(* If $\pi$ is a permutation with exactly one descent, then $\mu(1,\pi)=-\mu(21,\pi)$.
   Context: A permutation of length $n$ is an arrangement of $1,\dots,n$; $1$ denotes the permutation of length one and $21$ the decreasing permutation of length two. The permutation poset is ordered by pattern containment: $\sigma\le\pi$ if $\pi$ has a subsequence in the same relative order as $\sigma$. A descent of $\pi$ is an index $i$ with $\pi_i>\pi_{i+1}$. $\mu$ is the Möbius function of this poset: $\mu(a,a)=1$, $\mu(a,b)=-\sum_{a\le z<b}\mu(a,z)$ for $a<b$, $\mu(a,b)=0$ if $a\not\le b$. *)

theory Defs
  imports Main
begin

definition is_perm :: "nat list \<Rightarrow> bool" where
  "is_perm p \<longleftrightarrow> distinct p \<and> set p = {1..length p}"

definition same_order :: "nat list \<Rightarrow> nat list \<Rightarrow> bool" where
  "same_order xs ys \<longleftrightarrow> length xs = length ys \<and>
     (\<forall>i<length xs. \<forall>j<length xs. (xs ! i < xs ! j) \<longleftrightarrow> (ys ! i < ys ! j))"

definition pat_le :: "nat list \<Rightarrow> nat list \<Rightarrow> bool" where
  "pat_le s p \<longleftrightarrow> (\<exists>ys \<in> set (subseqs p). same_order s ys)"

definition descents :: "nat list \<Rightarrow> nat" where
  "descents p = card {i. Suc i < length p \<and> p ! i > p ! Suc i}"

text \<open>A fuel argument guarantees well-definedness; fuel length b + 1 always suffices
  since every z strictly below b is strictly shorter than b.\<close>
fun mu_fuel :: "nat \<Rightarrow> nat list \<Rightarrow> nat list \<Rightarrow> int" where
  "mu_fuel 0 a b = 0"
| "mu_fuel (Suc k) a b =
     (if a = b then 1
      else if pat_le a b then
        - (\<Sum>z \<in> {z. is_perm z \<and> pat_le a z \<and> pat_le z b \<and> z \<noteq> b}. mu_fuel k a z)
      else 0)"

definition mu :: "nat list \<Rightarrow> nat list \<Rightarrow> int" where
  "mu a b = mu_fuel (Suc (length b)) a b"

end

theory Submission
  imports Defs "HOL-Library.Sublist"
begin

(* A permutation with a single descent avoids 321 and contains 21, and we prove
   the identity for every 321-avoiding permutation z containing 21, by strong
   induction on the length of z.  Unfolding the recursion of mu(1,z), the interval
   [1,z) splits into the permutations containing 21, which form [21,z), and the
   remaining ones, which are the increasing permutations 12...k below z.  These
   form a chain, on which mu(1,12...k) is 1, -1, 0, 0, ... for k = 1, 2, 3, ...;
   since a 321-avoiding z of length at least 3 contains 12, the chain part
   contributes 1 - 1 = 0.  On [21,z) the induction hypothesis turns mu(1,w) into
   -mu(21,w), and the recursion of mu(21,z) closes the argument; z = 21 is the
   base case. *)

lemma subseq_index_map:
  assumes "subseq ys xs"
  shows "\<exists>f. (\<forall>i j. i < j \<longrightarrow> j < length ys \<longrightarrow> f i < f j) \<and>
             (\<forall>i<length ys. f i < length xs \<and> ys ! i = xs ! f i)"
  using assms
proof (induction rule: list_emb.induct)
  case (list_emb_Nil ys)
  then show ?case by auto
next
  case (list_emb_Cons xs ys y)
  then obtain f where "\<forall>i j. i < j \<longrightarrow> j < length xs \<longrightarrow> f i < f j"
    "\<forall>i<length xs. f i < length ys \<and> xs ! i = ys ! f i" by blast
  then show ?case by (intro exI[of _ "Suc \<circ> f"]) auto
next
  case (list_emb_Cons2 x y xs ys)
  then obtain f where f: "\<forall>i j. i < j \<longrightarrow> j < length xs \<longrightarrow> f i < f j"
    "\<forall>i<length xs. f i < length ys \<and> xs ! i = ys ! f i" by blast
  define g where "g i = (if i = 0 then 0 else Suc (f (i - 1)))" for i
  have "g i < g j" if "i < j" "j < length (x # xs)" for i j
    using f(1) that unfolding g_def by (cases i; cases j) auto
  moreover have "g i < length (y # ys) \<and> (x # xs) ! i = (y # ys) ! g i"
    if "i < length (x # xs)" for i
    using f(2) list_emb_Cons2.hyps that unfolding g_def by (cases i) auto
  ultimately show ?case by blast
qed

lemma pat_le_index_map:
  assumes "pat_le s p"
  shows "\<exists>f. (\<forall>i j. i < j \<longrightarrow> j < length s \<longrightarrow> f i < f j) \<and>
             (\<forall>i<length s. f i < length p) \<and>
             (\<forall>i<length s. \<forall>j<length s. s ! i < s ! j \<longleftrightarrow> p ! f i < p ! f j)"
proof -
  obtain ys where ys: "subseq ys p" "same_order s ys"
    using assms unfolding pat_le_def by auto
  then obtain f where f: "\<forall>i j. i < j \<longrightarrow> j < length ys \<longrightarrow> f i < f j"
    "\<forall>i<length ys. f i < length p \<and> ys ! i = p ! f i"
    using subseq_index_map by blast
  have "length ys = length s" using ys(2) unfolding same_order_def by simp
  with f ys(2) show ?thesis unfolding same_order_def by (metis (no_types, lifting))
qed

lemma pat_le_length: "pat_le s p \<Longrightarrow> length s \<le> length p"
  unfolding pat_le_def same_order_def by (auto dest: list_emb_length)

lemma subseq_pair: "i < j \<Longrightarrow> j < length xs \<Longrightarrow> subseq [xs ! i, xs ! j] xs"
proof (induction xs arbitrary: i j)
  case Nil
  then show ?case by simp
next
  case (Cons x xs)
  show ?case
  proof (cases i)
    case 0
    with Cons.prems have "xs ! (j - 1) \<in> set xs" by (cases j) auto
    then have "subseq [xs ! (j - 1)] xs" by (simp add: subseq_singleton_left)
    with 0 Cons.prems show ?thesis by (cases j) auto
  next
    case (Suc i')
    with Cons.prems obtain j' where j: "j = Suc j'" by (cases j) auto
    with Suc Cons have "subseq [xs ! i', xs ! j'] xs" by auto
    with Suc j show ?thesis by (metis list_emb_Cons nth_Cons_Suc)
  qed
qed

lemma pat_le_pairI:
  "i < j \<Longrightarrow> j < length xs \<Longrightarrow> same_order s [xs ! i, xs ! j] \<Longrightarrow> pat_le s xs"
  unfolding pat_le_def
  by (rule bexI[of _ "[xs ! i, xs ! j]"]) (simp_all add: subseq_pair in_set_subseqs)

WHAT THE TASK REQUIRES: Repeat every line exactly, starting with the first line of the entries, and stop once the line containing "xs = length ys \<and>" has been given.

FINISHED EXERCISE:
(* If $\pi$ is a permutation with exactly one descent, then $\mu(1,\pi)=-\mu(21,\pi)$.
   Context: A permutation of length $n$ is an arrangement of $1,\dots,n$; $1$ denotes the permutation of length one and $21$ the decreasing permutation of length two. The permutation poset is ordered by pattern containment: $\sigma\le\pi$ if $\pi$ has a subsequence in the same relative order as $\sigma$. A descent of $\pi$ is an index $i$ with $\pi_i>\pi_{i+1}$. $\mu$ is the Möbius function of this poset: $\mu(a,a)=1$, $\mu(a,b)=-\sum_{a\le z<b}\mu(a,z)$ for $a<b$, $\mu(a,b)=0$ if $a\not\le b$. *)

theory Defs
  imports Main
begin

definition is_perm :: "nat list \<Rightarrow> bool" where
  "is_perm p \<longleftrightarrow> distinct p \<and> set p = {1..length p}"

definition same_order :: "nat list \<Rightarrow> nat list \<Rightarrow> bool" where
  "same_order xs ys \<longleftrightarrow> length xs = length ys \<and>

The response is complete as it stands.